Try it: Which lines of the records below contain the word "circle"? Report each of them in full.

Stored data
lemma has_lambda_S_disjoint_S_trees:
  assumes "graph G" "s \<in> S" "s' \<in> S" "s \<noteq> s'"
  shows "has_k_disjoint_S_trees G S (lambda_S G S)"
proof -
  let ?K = "{k. has_k_disjoint_S_trees G S k}"
  have "?K \<subseteq> {..card (neighbours G s)}"
    using disjoint_S_trees_le_degree[OF assms(1) _ assms(2-4)] by auto
  moreover have "0 \<in> ?K" unfolding has_k_disjoint_S_trees_def by simp
  ultimately have "Max ?K \<in> ?K" by (intro Max_in) (auto intro: finite_subset)
  then show ?thesis unfolding lambda_S_def by simp
qed

lemma lambda_S_le_degree:
  assumes "graph G" "s \<in> S" "s' \<in> S" "s \<noteq> s'"
  shows "lambda_S G S \<le> card (neighbours G s)"
  using assms(1) has_lambda_S_disjoint_S_trees[OF assms] assms(2-4) by (rule disjoint_S_trees_le_degree)

lemma lambda3_le_lambda_S:
  assumes "finite (verts G)" "S \<subseteq> verts G" "card S = 3"
  shows "lambda3 G \<le> lambda_S G S"
proof -
  have "{lambda_S G S | S. S \<subseteq> verts G \<and> card S = 3} \<subseteq> lambda_S G ` Pow (verts G)" by auto
  then have "finite {lambda_S G S | S. S \<subseteq> verts G \<and> card S = 3}"
    using assms(1) by (meson finite_Pow_iff finite_imageI finite_subset)
  then show ?thesis unfolding lambda3_def using assms by (intro Min_le) auto
qed

lemma has_lambda3_disjoint_S_trees:
  assumes "graph G" "S \<subseteq> verts G" "card S = 3"
  shows "has_k_disjoint_S_trees G S (lambda3 G)"
proof -
  obtain s s' s'' where "S = {s, s', s''}" "s \<noteq> s'"
    using assms(3) card_3_iff by metis
  then have "has_k_disjoint_S_trees G S (lambda_S G S)"
    using has_lambda_S_disjoint_S_trees[OF assms(1)] by blast
  moreover have "lambda3 G \<le> lambda_S G S"
    using assms by (intro lambda3_le_lambda_S) (auto simp: graph_def)
  ultimately show ?thesis by (rule has_k_disjoint_S_trees_mono)
qed

lemma lambda3_le_degree:
  assumes "graph G" "card (verts G) \<ge> 3" "u \<in> verts G"
  shows "lambda3 G \<le> card (neighbours G u)"
proof -
  have fin: "finite (verts G)" using assms(1) by (simp add: graph_def)
  then have "card (verts G - {u}) \<ge> 2" using assms(2,3) by auto
  then obtain S' where "S' \<subseteq> verts G - {u}" "card S' = 2" by (meson obtain_subset_with_card_n)
  then obtain v w where vw: "v \<noteq> w" "{v, w} \<subseteq> verts G - {u}" by (metis card_2_iff)
  let ?S = "{u, v, w}"
  have "lambda3 G \<le> lambda_S G ?S"
    using vw assms(3) by (intro lambda3_le_lambda_S[OF fin]) auto
  also have "\<dots> \<le> card (neighbours G u)"
    using vw by (intro lambda_S_le_degree[OF assms(1), of u ?S v]) auto
  finally show ?thesis .
qed

definition map_graph :: "('a \<Rightarrow> 'b) \<Rightarrow> 'a sgraph \<Rightarrow> 'b sgraph" where
  "map_graph f G = (f ` verts G, (`) f ` edges G)"

lemma has_cycle_map_graph_inj:
  assumes "inj f" "has_cycle (map_graph f T)"
  shows "has_cycle T"
proof -
  obtain vs where vs: "length vs \<ge> 3" "distinct vs" "set vs \<subseteq> f ` verts T"
    "\<forall>i < length vs. {vs ! i, vs ! ((i + 1) mod length vs)} \<in> (`) f ` edges T"
    using assms(2) unfolding has_cycle_def map_graph_def verts_def edges_def by auto
  let ?ws = "map (inv f) vs"
  have "distinct ?ws"
    using vs(2,3) inj_on_inv_into[of "set vs" f UNIV] by (auto simp: distinct_map)
  moreover have "set ?ws \<subseteq> verts T" using vs(3) assms(1) by auto
  moreover have "{?ws ! i, ?ws ! ((i + 1) mod length ?ws)} \<in> edges T" if "i < length ?ws" for i
  proof -
    have "i < length vs" using that by simp
    then obtain e where "e \<in> edges T" "{vs ! i, vs ! ((i + 1) mod length vs)} = f ` e"
      using vs(4) by blast
    moreover have "(i + 1) mod length vs < length vs" using vs(1) by (intro mod_less_divisor) linarith
    ultimately have "inv f ` {vs ! i, vs ! ((i + 1) mod length vs)} \<in> edges T"
      using assms(1) by (simp only: image_inv_f_f)
    then show ?thesis using that \<open>(i + 1) mod length vs < length vs\<close> by simp
  qed
  ultimately show ?thesis using vs(1) unfolding has_cycle_def by (intro exI[of _ ?ws]) auto
qed

lemma is_tree_map_graph:
  assumes "inj f" "is_tree T"
  shows "is_tree (map_graph f T)"
  unfolding is_tree_def
proof (intro conjI)
  have T: "graph T" "verts T \<noteq> {}" "connected T" "\<not> has_cycle T"
    using assms(2) unfolding is_tree_def by auto
  show "graph (map_graph f T)" unfolding graph_def
  proof (intro conjI ballI)
    show "finite (verts (map_graph f T))" using T(1) by (simp add: graph_def map_graph_def verts_def)
    fix e assume "e \<in> edges (map_graph f T)"
    then obtain e' where "e' \<in> edges T" "e = f ` e'" by (auto simp: map_graph_def edges_def)
    moreover from T(1) this(1) obtain a b where "a \<noteq> b" "e' = {a, b}" "a \<in> verts T" "b \<in> verts T"
      by (rule graph_edgeE)
    ultimately have "f a \<noteq> f b" "e = {f a, f b}" "f a \<in> verts (map_graph f T)" "f b \<in> verts (map_graph f T)"
      using assms(1) by (simp_all add: inj_eq map_graph_def verts_def)
    then show "\<exists>a b. a \<noteq> b \<and> e = {a, b} \<and> a \<in> verts (map_graph f T) \<and> b \<in> verts (map_graph f T)"
      by blast
  qed
  show "verts (map_graph f T) \<noteq> {}" using T(2) by (simp add: map_graph_def verts_def)
  have "(f a, f b) \<in> {(p, q). {p, q} \<in> edges (map_graph f T)}\<^sup>*"
    if "(a, b) \<in> {(p, q). {p, q} \<in> edges T}\<^sup>*" for a b
    using that
  proof (induction rule: rtrancl_induct)
    case (step b c)
    then have "f ` {b, c} \<in> (`) f ` edges T" by (intro imageI) simp
    then have "{f b, f c} \<in> edges (map_graph f T)" by (simp add: map_graph_def edges_def)
    with step.IH show ?case by (simp add: rtrancl.rtrancl_into_rtrancl)
  qed simp
  with T(3) show "connected (map_graph f T)"
    unfolding connected_def by (auto simp: map_graph_def verts_def)
  show "\<not> has_cycle (map_graph f T)" using T(4) has_cycle_map_graph_inj[OF assms(1)] by blast
qed
(* Let $C=\operatorname{conv}(\gamma_1\cup\gamma_2)\subset\mathbb{R}^3$, where $\gamma_1(t)=(\cos t,\sin t,1)$ for $t\in[0,\pi/2]$ and $\gamma_2(t)=(\cos t,\sin t,-1)$ for $t\in[0,\pi]$, and let $K=\operatorname{cone}(C\times\{1\})\subset\mathbb{R}^4$. Then $K$ is facially dual complete, but the tangent cone $\mathcal{T}(\bar x;C)$ at $\bar x=(0,1,1)$ is not facially exposed; in particular $K$ is not strongly tangentially exposed. Thus strong tangential exposure is not necessary for facial dual completeness.
   Context: $\mathbb{R}^4$ is identified with its dual. $\operatorname{cone}(S)=\{\lambda s:\lambda\ge0,s\in\operatorname{conv}S\}$. Tangent cone: $\mathcal{T}(x;D)=\operatorname{cl}\{d: x+\epsilon d\in D\text{ for some }\epsilon>0\}$. A face of a closed convex set $D$ is a closed convex $F\subseteq D$ such that $x\in F$, $y,z\in D$, $x\in(y,z)$ imply $y,z\in F$; it is exposed if $F=D\cap H$ for some supporting hyperplane $H$; $D$ is facially exposed if every nonempty face $F\ne D$ is exposed. A closed convex cone $K$ is tangentially exposed if $\mathcal{T}(x;K)\cap\operatorname{span}F=\mathcal{T}(x;F)$ for all faces $F\ne K$, $x\in F$. Lexicographic tangent cones: cones obtained by iterating the tangent-cone operation (tangent cones of $K$, tangent cones of those, etc.); $K$ is strongly tangentially exposed if $K$ and all its lexicographic tangent cones are tangentially exposed. $K$ is facially dual complete if $K^*+F^\perp$ is closed for every nonempty face $F\ne K$, where $K^*=\{s:\langle s,x\rangle\ge0\ \forall x\in K\}$, $F^\perp=\{s:\langle s,x\rangle=0\ \forall x\in F\}$. *)

theory Defs
  imports "HOL-Analysis.Analysis"
begin

definition pcone :: "'a::real_vector set \<Rightarrow> 'a set" where
  "pcone S = {c *\<^sub>R s | c s. c \<ge> 0 \<and> s \<in> convex hull S}"

definition tcone :: "'a::real_normed_vector \<Rightarrow> 'a set \<Rightarrow> 'a set" where
  "tcone x D = closure {d. \<exists>e>0. x + e *\<^sub>R d \<in> D}"

definition pface :: "'a::euclidean_space set \<Rightarrow> 'a set \<Rightarrow> bool" where
  "pface F D \<longleftrightarrow> closed F \<and> F face_of D"

definition pexposed :: "'a::euclidean_space set \<Rightarrow> 'a set \<Rightarrow> bool" where
  "pexposed F D \<longleftrightarrow> pface F D \<and>
     (\<exists>a b. a \<noteq> 0 \<and> D \<subseteq> {x. a \<bullet> x \<le> b} \<and> F = D \<inter> {x. a \<bullet> x = b})"

definition facially_exposed :: "'a::euclidean_space set \<Rightarrow> bool" where
  "facially_exposed D \<longleftrightarrow> (\<forall>F. pface F D \<and> F \<noteq> {} \<and> F \<noteq> D \<longrightarrow> pexposed F D)"

definition tangentially_exposed :: "'a::euclidean_space set \<Rightarrow> bool" where
  "tangentially_exposed K \<longleftrightarrow>
     (\<forall>F x. pface F K \<and> F \<noteq> K \<and> x \<in> F \<longrightarrow> tcone x K \<inter> span F = tcone x F)"

inductive_set lex_tcones :: "'a::euclidean_space set \<Rightarrow> 'a set set" for K where
  base: "x \<in> K \<Longrightarrow> tcone x K \<in> lex_tcones K"
| step: "L \<in> lex_tcones K \<Longrightarrow> x \<in> L \<Longrightarrow> tcone x L \<in> lex_tcones K"

definition strongly_tangentially_exposed :: "'a::euclidean_space set \<Rightarrow> bool" where
  "strongly_tangentially_exposed K \<longleftrightarrow>
     tangentially_exposed K \<and> (\<forall>L \<in> lex_tcones K. tangentially_exposed L)"

definition dual_cone :: "'a::euclidean_space set \<Rightarrow> 'a set" where
  "dual_cone K = {s. \<forall>x\<in>K. s \<bullet> x \<ge> 0}"

definition perp :: "'a::euclidean_space set \<Rightarrow> 'a set" where
  "perp F = {s. \<forall>x\<in>F. s \<bullet> x = 0}"

definition facially_dual_complete :: "'a::euclidean_space set \<Rightarrow> bool" where
  "facially_dual_complete K \<longleftrightarrow>
     (\<forall>F. pface F K \<and> F \<noteq> {} \<and> F \<noteq> K \<longrightarrow>
        closed {u + v | u v. u \<in> dual_cone K \<and> v \<in> perp F})"

definition gamma1 :: "real \<Rightarrow> real^3" where
  "gamma1 t = vector [cos t, sin t, 1]"

definition gamma2 :: "real \<Rightarrow> real^3" where
  "gamma2 t = vector [cos t, sin t, -1]"

definition exC :: "(real^3) set" where
  "exC = convex hull (gamma1 ` {0..pi/2} \<union> gamma2 ` {0..pi})"

text \<open>Identification of C \<times> {1} with a subset of R^4.\<close>
definition lift1 :: "real^3 \<Rightarrow> real^4" where
  "lift1 v = vector [v$1, v$2, v$3, 1]"

definition exK :: "(real^4) set" where
  "exK = pcone (lift1 ` exC)"

definition xbar :: "real^3" where
  "xbar = vector [0, 1, 1]"

end

theory Submission
  imports Defs
begin

text \<open>K is the convex cone over the lifted curve G, so every nonempty face F of K is the cone over the
  generators Z = G \<inter> F it contains, and K* + F\<bottom> equals the closed cone F* as soon as every
  functional nonnegative on Z agrees on Z with one that is nonnegative on all of G. When span Z has
  dimension at most 2 such an extension is built from functionals exposing single generators.
  Otherwise span Z is a hyperplane supporting G. An affine function on the unit circle that is
  nonnegative on an arc and vanishes inside it is tangent there, so either the hyperplane contains a
  whole arc and the functional is a positive constant on the other one, or it meets G in three
  endpoints of the arcs, each of which is exposed within the three.

  At xbar the ray through (0, 0, -1) is a face of the tangent cone T of C, cut out by d2 = 0 and
  then d1 = 0, but the directions towards the bottom circle force every hyperplane exposing it to
  contain (1, 0, 0) \<in> T. Lifted to K, the same directions show that the tangent cone of K at the
  lift of xbar, a lexicographic tangent cone of K, is not tangentially exposed.\<close>

lemma vector_4 [simp]:
  "(vector [x,y,z,w] :: ('a::zero)^4)$1 = x"
  "(vector [x,y,z,w] :: ('a::zero)^4)$2 = y"
  "(vector [x,y,z,w] :: ('a::zero)^4)$3 = z"
  "(vector [x,y,z,w] :: ('a::zero)^4)$4 = w"
  unfolding vector_def by simp_all

lemma inner_real3: "(a::real^3) \<bullet> b = a$1*b$1 + a$2*b$2 + a$3*b$3"
  by (simp add: inner_vec_def sum_3)

lemma inner_real4: "(a::real^4) \<bullet> b = a$1*b$1 + a$2*b$2 + a$3*b$3 + a$4*b$4"
  by (simp add: inner_vec_def sum_4)

lemma vec3_eq_iff: "(a::real^3) = b \<longleftrightarrow> a$1 = b$1 \<and> a$2 = b$2 \<and> a$3 = b$3"
  by (simp add: vec_eq_iff forall_3)

lemma vec4_eq_iff: "(a::real^4) = b \<longleftrightarrow> a$1 = b$1 \<and> a$2 = b$2 \<and> a$3 = b$3 \<and> a$4 = b$4"
  by (simp add: vec_eq_iff forall_4)

lemma le_zero_if_le_small_multiples:
  fixes p c :: real
  assumes "0 < \<delta>" "\<And>u. 0 < u \<Longrightarrow> u \<le> \<delta> \<Longrightarrow> p \<le> u * c"
  shows "p \<le> 0"
proof (rule tendsto_lowerbound)
  show "((\<lambda>u. u * c) \<longlongrightarrow> 0) (at_right 0)"
    by (rule tendsto_eq_rhs[OF tendsto_mult_right[OF tendsto_ident_at]]) simp
  show "\<forall>\<^sub>F u in at_right 0. p \<le> u * c"
    using eventually_at_right_real[OF assms(1)] assms(2) by (auto elim: eventually_mono)
qed simp

lemma closed_contains_ray_limit:
  fixes d w :: "'a::real_normed_vector"
  assumes "closed S" "\<And>u. 0 < u \<Longrightarrow> u \<le> 1 \<Longrightarrow> d + u *\<^sub>R w \<in> S"
  shows "d \<in> S"
proof (rule Lim_in_closed_set[OF assms(1)])
  show "((\<lambda>u. d + u *\<^sub>R w) \<longlongrightarrow> d) (at_right 0)"
    by (rule tendsto_eq_rhs[OF tendsto_add[OF tendsto_const tendsto_scaleR[OF tendsto_ident_at tendsto_const]]])
      simp
  show "\<forall>\<^sub>F u in at_right (0::real). d + u *\<^sub>R w \<in> S"
    using eventually_at_right_real[of 0 1] assms(2) by (auto elim: eventually_mono)
qed simp

section \<open>Convex cones and their faces\<close>

lemma pcone_eq_convex_cone_hull: "S \<noteq> {} \<Longrightarrow> pcone S = convex_cone hull S"
  by (simp add: pcone_def convex_cone_hull_separate_nonempty conic_hull_explicit)

lemma convex_cone_hull_convex_hull: "convex_cone hull (convex hull S) = convex_cone hull S"
  by (metis convex_hull_subset_convex_cone_hull hull_hull hull_mono hull_subset subset_antisym)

Task answer:
  Otherwise span Z is a hyperplane supporting G. An affine function on the unit circle that is
  then d1 = 0, but the directions towards the bottom circle force every hyperplane exposing it to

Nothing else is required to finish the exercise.